lemma holds_lasso:
  assumes "i < j"
    and same_type: "\<forall>\<psi>\<in>subformulas \<phi>. holds \<pi> i \<psi> = holds \<pi> j \<psi>"
    and witnessed: "\<forall>\<psi>\<in>subformulas \<phi>. \<forall>k\<ge>i. holds \<pi> k \<psi> \<longrightarrow> (\<exists>q. i \<le> q \<and> q < j \<and> holds \<pi> q \<psi>)"
  shows "holds (\<pi> \<circ> lasso_pos i j) n \<phi> = holds \<pi> (lasso_pos i j n) \<phi>"
proof (rule holds_reindex)
  fix \<psi> m assume "\<psi> \<in> subformulas \<phi>"
  then show "holds \<pi> (lasso_pos i j (Suc m)) \<psi> = holds \<pi> (Suc (lasso_pos i j m)) \<psi>"
    using same_type by (cases rule: lasso_pos_Suc_cases[OF \<open>i < j\<close>, of m]) auto
next
  fix \<psi> n k
  assume \<psi>: "\<psi> \<in> subformulas \<phi>" and "lasso_pos i j n \<le> k" "holds \<pi> k \<psi>"
  show "\<exists>m\<ge>n. holds \<pi> (lasso_pos i j m) \<psi>"
  proof (cases "k < j")
    case True
    then show ?thesis
      using lasso_pos_add[of i j n "k - lasso_pos i j n"] \<open>lasso_pos i j n \<le> k\<close> \<open>holds \<pi> k \<psi>\<close>
      by (intro exI[of _ "n + (k - lasso_pos i j n)"]) simp
  next
    case False
    then have "i \<le> k" using \<open>i < j\<close> by simp
    then obtain q where "i \<le> q" "q < j" "holds \<pi> q \<psi>"
      using witnessed \<psi> \<open>holds \<pi> k \<psi>\<close> by blast
    then show ?thesis
      using lasso_pos_hits[of i q j n] by metis
  qed
qed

::::::::

PROBLEM DESCRIPTION → Each line in the data that holds the string "then" must be returned.

WORKED SOLUTION →
  then show "holds \<pi> (lasso_pos i j (Suc m)) \<psi> = holds \<pi> (Suc (lasso_pos i j m)) \<psi>"
    then show ?thesis
    then have "i \<le> k" using \<open>i < j\<close> by simp
    then obtain q where "i \<le> q" "q < j" "holds \<pi> q \<psi>"
    then show ?thesis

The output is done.